А в Подмосковье ездили симпатичными тупорылыми электричками: на дачи, в яхтклуб у платформы Водники, в грибные леса и на канал имени Сталина.

В одном из Новослободских домов в те легендарные годы получил квартиру некий академик, отвечавший за патологическую анатомию по стране в целом и за нетленность мощей отца народов в частности. К слову сказать, академик выполнил порученное и умер в почете и холе, так и не узнав, что тщательно обработанные им мощи извлекли из уютного мавзолея и они все же истлели вопреки его хитрой науке под кремлевскими елочками. Не мог академик вообразить, даже секундно помыслить о возможности такого кощунства, равно как и не предполагал он, что в его квартире будет жить поэт Генрих Сапгир. Не знал он, да и не узнал о существовании среди своих современников такого поэта. Но сложилось как сложилось, и трижды в день поэт Сапгир, гуляя с собакой у бутырских задов или заглядывая в магазины на Новослободской, путешествует маршрутами своей юности.

Именно маршрутами юности, поскольку во времена борьбы с безродными космополитами, когда врач-академик, не причисленный к сонму отравителей, с волнением ждал не то ареста, не то новой квартиры, Генрих Сапгир с друзьями и в одиночку по пути к Савеловскому вокзалу проходил мимо строящегося тогда будущего своего дома. А на Савеловском Сапгир бывал почти ежедневно, поскольку большую часть свободного времени проводил в Подмосковье, где в Лианозове жил его близкий друг художник Оскар Рабин, а в Долгопрудной – учитель Евгений Кропивницкий.

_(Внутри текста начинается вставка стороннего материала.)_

(* Let $\gamma$ be an analytic split-Fourier curve, $\gamma(\theta)=(\gamma_1+k'\gamma_2,\gamma_3)=\big(\sum_{n=-\infty}^{\infty}c_ne^{k'n\theta},\sum_{n=-\infty}^{\infty}d_ne^{k'n\theta}\big)$. Then the coefficients $c_n$ and $d_n$ are uniquely determined by $\gamma$.
   Context: $\mathbb{C}'$ denotes the split-complex numbers $x+k'y$, $k'^2=1$, and $e^{k'\theta}=\cosh\theta+k'\sinh\theta$. $\mathbb{L}^3$ ($\mathbb{R}^3$ with metric $-dx^2+dy^2+dz^2$) is identified with $\mathbb{C}'\times\mathbb{R}$ via $(x,y,z)\leftrightarrow(x+k'y,z)$. A curve $\gamma:\mathbb{H}^1\to\mathbb{L}^3$ (with $\mathbb{H}^1=\{e^{k'\theta}:\theta\in\mathbb{R}\}$, parametrized by $\theta$) is a split-Fourier curve if it has an expansion $\gamma(\theta)=\big(\sum_n c_ne^{k'n\theta},\sum_n d_ne^{k'n\theta}\big)$ with $c_n,d_n\in\mathbb{C}'$, only finitely many nonzero, and with $\gamma_3=\sum_nd_ne^{k'n\theta}$ real-valued. Analytic means each component is locally given by a convergent power series. *)

theory Defs
  imports "HOL-Analysis.Analysis"
begin

text \<open>Split-complex numbers x + k'y (k'^2 = 1) are represented as pairs (x, y) of reals,
  with componentwise addition (the library's product-type addition) and the multiplication below.\<close>

type_synonym splitc = "real \<times> real"

definition splitc_mult :: "splitc \<Rightarrow> splitc \<Rightarrow> splitc" where
  "splitc_mult z w = (fst z * fst w + snd z * snd w, fst z * snd w + snd z * fst w)"

text \<open>e^{k' t} = cosh t + k' sinh t\<close>
definition splitc_exp :: "real \<Rightarrow> splitc" where
  "splitc_exp t = (cosh t, sinh t)"

definition split_fourier_sum :: "(int \<Rightarrow> splitc) \<Rightarrow> real \<Rightarrow> splitc" where
  "split_fourier_sum c \<theta> = (\<Sum>n\<in>{n. c n \<noteq> 0}. splitc_mult (c n) (splitc_exp (of_int n * \<theta>)))"

text \<open>A curve in L^3 = C' x R, parametrized by \<theta>: \<gamma> \<theta> = ((\<gamma>1 \<theta>, \<gamma>2 \<theta>), \<gamma>3 \<theta>).
  (c, d) is a split-Fourier expansion of \<gamma>: finitely many nonzero coefficients,
  first component equals \<Sum> c_n e^{k'n\<theta>}, and \<Sum> d_n e^{k'n\<theta>} equals the real number \<gamma>3 \<theta>.\<close>
definition split_fourier_expansion ::
    "(real \<Rightarrow> splitc \<times> real) \<Rightarrow> (int \<Rightarrow> splitc) \<Rightarrow> (int \<Rightarrow> splitc) \<Rightarrow> bool" where
  "split_fourier_expansion \<gamma> c d \<longleftrightarrow>
     finite {n. c n \<noteq> 0} \<and> finite {n. d n \<noteq> 0} \<and>
     (\<forall>\<theta>. fst (\<gamma> \<theta>) = split_fourier_sum c \<theta>) \<and>
     (\<forall>\<theta>. split_fourier_sum d \<theta> = (snd (\<gamma> \<theta>), 0))"

definition split_fourier_curve :: "(real \<Rightarrow> splitc \<times> real) \<Rightarrow> bool" where
  "split_fourier_curve \<gamma> \<longleftrightarrow> (\<exists>c d. split_fourier_expansion \<gamma> c d)"

definition real_analytic :: "(real \<Rightarrow> real) \<Rightarrow> bool" where
  "real_analytic f \<longleftrightarrow> (\<forall>x. \<exists>r>0. \<exists>a::nat \<Rightarrow> real.
      \<forall>y. \<bar>y - x\<bar> < r \<longrightarrow> (\<lambda>k. a k * (y - x) ^ k) sums f y)"

definition analytic_curve :: "(real \<Rightarrow> splitc \<times> real) \<Rightarrow> bool" where
  "analytic_curve \<gamma> \<longleftrightarrow> real_analytic (\<lambda>\<theta>. fst (fst (\<gamma> \<theta>))) \<and>
     real_analytic (\<lambda>\<theta>. snd (fst (\<gamma> \<theta>))) \<and> real_analytic (\<lambda>\<theta>. snd (\<gamma> \<theta>))"

end

theory Submission
  imports Defs
begin

text \<open>In light-cone coordinates \<open>(x + y, x - y)\<close> split-complex multiplication is
  componentwise and \<open>e^(k't)\<close> becomes \<open>(e^t, e^(-t))\<close>. A split-Fourier sum thus splits into
  the two real exponential sums \<open>\<Sum> u_n e^(n\<theta>)\<close> and \<open>\<Sum> v_n e^(-n\<theta>)\<close>, so uniqueness
  reduces to the linear independence of the functions \<open>e^(a\<theta>)\<close> for distinct real \<open>a\<close>:
  dividing by the fastest growing term and letting \<open>\<theta> \<rightarrow> \<infinity>\<close> isolates its coefficient.\<close>

lemma tendsto_exp_mult_at_top_0:
  fixes a :: real
  assumes "a < 0"
  shows "((\<lambda>t. exp (a * t)) \<longlongrightarrow> 0) at_top"
proof -
  have "filterlim (\<lambda>t. a * t) at_bot at_top"
    using assms by (intro filterlim_tendsto_neg_mult_at_bot[OF tendsto_const]) (auto simp: filterlim_ident)
  then show ?thesis
    using exp_at_bot filterlim_compose by blast
qed

lemma exp_sum_eq_0_imp_coeffs_eq_0:
  fixes S :: "real set" and p :: "real \<Rightarrow> real"
  assumes "finite S" and "\<And>\<theta>. (\<Sum>a\<in>S. p a * exp (a * \<theta>)) = 0"
  shows "\<forall>a\<in>S. p a = 0"
  using assms
proof (induction S rule: finite_remove_induct)
  case empty
  then show ?case by simp
next
  case (remove S)
  define M where "M = Max S"
  have "M \<in> S"
    using remove.hyps by (simp add: M_def)
  have sum_split: "(\<Sum>a\<in>S. p a * exp (a * \<theta>)) = p M * exp (M * \<theta>) + (\<Sum>a\<in>S - {M}. p a * exp (a * \<theta>))"
    for \<theta>
    using remove.hyps(1) \<open>M \<in> S\<close> by (simp add: sum.remove)
  have scaled: "p M + (\<Sum>a\<in>S - {M}. p a * exp ((a - M) * \<theta>)) = 0" for \<theta>
  proof -
    have "p M + (\<Sum>a\<in>S - {M}. p a * exp ((a - M) * \<theta>)) = exp (- M * \<theta>) * (\<Sum>a\<in>S. p a * exp (a * \<theta>))"
      unfolding sum_split by (simp add: sum_distrib_left algebra_simps flip: exp_add)
    then show ?thesis
      using remove.prems by simp
  qed
  have "((\<lambda>\<theta>. p M + (\<Sum>a\<in>S - {M}. p a * exp ((a - M) * \<theta>))) \<longlongrightarrow> p M + (\<Sum>a\<in>S - {M}. p a * 0)) at_top"
  proof (intro tendsto_intros tendsto_exp_mult_at_top_0)
    show "a - M < 0" if "a \<in> S - {M}" for a
      using that remove.hyps(1) by (auto simp: M_def order_less_le)
  qed
  then have "p M = 0"
    unfolding scaled by (simp add: tendsto_const_iff)
  moreover have "\<forall>a\<in>S - {M}. p a = 0"
    using remove.IH[OF \<open>M \<in> S\<close>] remove.prems sum_split \<open>p M = 0\<close> by simp
  ultimately show ?case by blast
qed

lemma int_exp_sum_unique:
  fixes p q :: "int \<Rightarrow> real"
  assumes "finite A" and "\<And>\<theta>. (\<Sum>n\<in>A. p n * exp (of_int n * \<theta>)) = (\<Sum>n\<in>A. q n * exp (of_int n * \<theta>))"
    and "n \<in> A"
  shows "p n = q n"
proof -
  let ?r = "\<lambda>a::real. p \<lfloor>a\<rfloor> - q \<lfloor>a\<rfloor>"
  have "(\<Sum>a\<in>of_int ` A. ?r a * exp (a * \<theta>)) = 0" for \<theta>
    using assms(2)[of \<theta>] by (simp add: sum.reindex inj_on_def left_diff_distrib sum_subtractf)
  then have "\<forall>a\<in>of_int ` A. ?r a = 0"
    using assms(1) by (intro exp_sum_eq_0_imp_coeffs_eq_0) auto
  then show ?thesis
    using assms(3) by force
qed

definition light_cone :: "splitc \<Rightarrow> real \<times> real" where
  "light_cone z = (fst z + snd z, fst z - snd z)"

lemma light_cone_inject: "light_cone z = light_cone w \<longleftrightarrow> z = w"
  by (auto simp: light_cone_def prod_eq_iff)

lemma light_cone_mult:
  "light_cone (splitc_mult z w) =
     (fst (light_cone z) * fst (light_cone w), snd (light_cone z) * snd (light_cone w))"
  by (simp add: light_cone_def splitc_mult_def algebra_simps)

lemma light_cone_exp: "light_cone (splitc_exp t) = (exp t, exp (- t))"
  by (simp add: light_cone_def splitc_exp_def flip: cosh_plus_sinh cosh_minus_sinh)

lemma light_cone_sum: "light_cone (\<Sum>i\<in>A. f i) = (\<Sum>i\<in>A. light_cone (f i))"
  by (simp add: light_cone_def fst_sum snd_sum sum.distrib sum_subtractf prod_eq_iff)

lemma split_fourier_sum_superset:
  assumes "finite A" and "{n. c n \<noteq> 0} \<subseteq> A"
  shows "split_fourier_sum c \<theta> = (\<Sum>n\<in>A. splitc_mult (c n) (splitc_exp (of_int n * \<theta>)))"
  unfolding split_fourier_sum_def
  by (rule sum.mono_neutral_left) (use assms in \<open>auto simp: splitc_mult_def prod_eq_iff\<close>)

lemma light_cone_split_fourier_sum:
  assumes "finite A" and "{n. c n \<noteq> 0} \<subseteq> A"
  shows "light_cone (split_fourier_sum c \<theta>) =
    ((\<Sum>n\<in>A. fst (light_cone (c n)) * exp (of_int n * \<theta>)),
     (\<Sum>n\<in>A. snd (light_cone (c n)) * exp (of_int n * - \<theta>)))"
  by (simp add: split_fourier_sum_superset[OF assms] light_cone_sum light_cone_mult light_cone_exp
      fst_sum snd_sum prod_eq_iff)

lemma split_fourier_sum_unique:
  assumes "finite {n. c n \<noteq> 0}" and "finite {n. c' n \<noteq> 0}"
    and "\<And>\<theta>. split_fourier_sum c \<theta> = split_fourier_sum c' \<theta>"
  shows "c = c'"
proof
  fix n
  define A where "A = {n. c n \<noteq> 0} \<union> {n. c' n \<noteq> 0}"
  have "finite A"
    using assms(1,2) by (simp add: A_def)
  have cone_c: "light_cone (split_fourier_sum c \<theta>) =
      ((\<Sum>n\<in>A. fst (light_cone (c n)) * exp (of_int n * \<theta>)),
       (\<Sum>n\<in>A. snd (light_cone (c n)) * exp (of_int n * - \<theta>)))"
    and cone_c': "light_cone (split_fourier_sum c' \<theta>) =
      ((\<Sum>n\<in>A. fst (light_cone (c' n)) * exp (of_int n * \<theta>)),
       (\<Sum>n\<in>A. snd (light_cone (c' n)) * exp (of_int n * - \<theta>)))" for \<theta>
    by (rule light_cone_split_fourier_sum[OF \<open>finite A\<close>]; auto simp: A_def)+
  have fst_eq: "(\<Sum>n\<in>A. fst (light_cone (c n)) * exp (of_int n * \<theta>)) =
      (\<Sum>n\<in>A. fst (light_cone (c' n)) * exp (of_int n * \<theta>))" for \<theta>
    using arg_cong[OF assms(3)[of \<theta>], of "\<lambda>z. fst (light_cone z)"] by (simp add: cone_c cone_c')
  have snd_eq: "(\<Sum>n\<in>A. snd (light_cone (c n)) * exp (of_int n * \<theta>)) =
      (\<Sum>n\<in>A. snd (light_cone (c' n)) * exp (of_int n * \<theta>))" for \<theta>
    using arg_cong[OF assms(3)[of "- \<theta>"], of "\<lambda>z. snd (light_cone z)"] by (simp add: cone_c cone_c')
  show "c n = c' n"
  proof (cases "n \<in> A")
    case True
    have "fst (light_cone (c n)) = fst (light_cone (c' n))"
      using fst_eq by (rule int_exp_sum_unique[OF \<open>finite A\<close> _ True])
    moreover have "snd (light_cone (c n)) = snd (light_cone (c' n))"
      using snd_eq by (rule int_exp_sum_unique[OF \<open>finite A\<close> _ True])
    ultimately show ?thesis
      by (metis light_cone_inject prod_eq_iff)
  next
    case False
    then show ?thesis by (simp add: A_def)
  qed
qed

theorem theorem5p1:
  fixes \<gamma> :: "real \<Rightarrow> splitc \<times> real"
  assumes "analytic_curve \<gamma>"
    and "split_fourier_curve \<gamma>"
    and "split_fourier_expansion \<gamma> c d"
    and "split_fourier_expansion \<gamma> c' d'"
  shows "c = c' \<and> d = d'"
proof
  show "c = c'"
    using assms(3,4) unfolding split_fourier_expansion_def by (intro split_fourier_sum_unique) auto
  show "d = d'"
    using assms(3,4) unfolding split_fourier_expansion_def by (intro split_fourier_sum_unique) auto
qed

end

Поездки в Долгопрудную начались еще до войны. К Кропивницкому Сапгира привел и завещал его ему первый учитель поэта Арсений Алексеевич Альвинг, потомственный дворянин, как говорили в те годы, «из бывших». Альвинг был поклонником Иннокентия Анненского и даже участвовал в издании его «Кипарисового ларца» в качестве одного из составителей. Альвинг дружил с известным переводчиком Юрием Верховским, встречи с которым остались в памяти Сапгира, мальчишкой видившего старого мэтра.

А нашел Альвинг одиннадцатилетнего мальчишку-поэта через школьную библиотеку, побеседовал с ним и пригласил заниматься в литкружке, который вел при Доме художественного воспитания Ленинградского района. Из ребят, посещавших кружок, Сапгир сдружился с семнадцатилетним Львом Кропивницким, а когда Альвинг в начале войны умер, то зачастил к отцу Льва Евгению Кропивницкому в Долгопрудную. А Лев ушел на фронт.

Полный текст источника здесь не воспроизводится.